Every line from the one with "theory Defs" to the end of the entries, both included, is to be copied exactly; the other lines stay out.

[[ EXERCISE MATERIAL, beginning ]]

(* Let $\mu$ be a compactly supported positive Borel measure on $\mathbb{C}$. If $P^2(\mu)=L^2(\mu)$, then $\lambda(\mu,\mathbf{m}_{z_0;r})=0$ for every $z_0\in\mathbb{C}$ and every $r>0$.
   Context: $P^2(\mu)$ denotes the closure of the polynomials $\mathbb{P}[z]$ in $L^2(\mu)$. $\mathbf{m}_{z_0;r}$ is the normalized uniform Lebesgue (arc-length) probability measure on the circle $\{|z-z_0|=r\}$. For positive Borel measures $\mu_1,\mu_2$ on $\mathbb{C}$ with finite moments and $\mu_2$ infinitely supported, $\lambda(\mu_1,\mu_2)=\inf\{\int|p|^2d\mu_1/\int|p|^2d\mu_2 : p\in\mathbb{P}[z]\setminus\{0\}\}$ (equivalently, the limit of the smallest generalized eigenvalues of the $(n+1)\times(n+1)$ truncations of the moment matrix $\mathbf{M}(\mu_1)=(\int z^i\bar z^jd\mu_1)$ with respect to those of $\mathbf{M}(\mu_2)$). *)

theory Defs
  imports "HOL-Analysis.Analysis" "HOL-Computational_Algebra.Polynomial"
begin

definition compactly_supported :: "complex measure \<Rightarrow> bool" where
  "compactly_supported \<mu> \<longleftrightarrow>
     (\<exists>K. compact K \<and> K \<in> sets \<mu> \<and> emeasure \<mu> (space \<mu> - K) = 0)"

[[ EXERCISE MATERIAL, end ]]

** RESPONSE TO THIS EXERCISE **
theory Defs
  imports "HOL-Analysis.Analysis" "HOL-Computational_Algebra.Polynomial"
begin

definition compactly_supported :: "complex measure \<Rightarrow> bool" where
  "compactly_supported \<mu> \<longleftrightarrow>
     (\<exists>K. compact K \<and> K \<in> sets \<mu> \<and> emeasure \<mu> (space \<mu> - K) = 0)"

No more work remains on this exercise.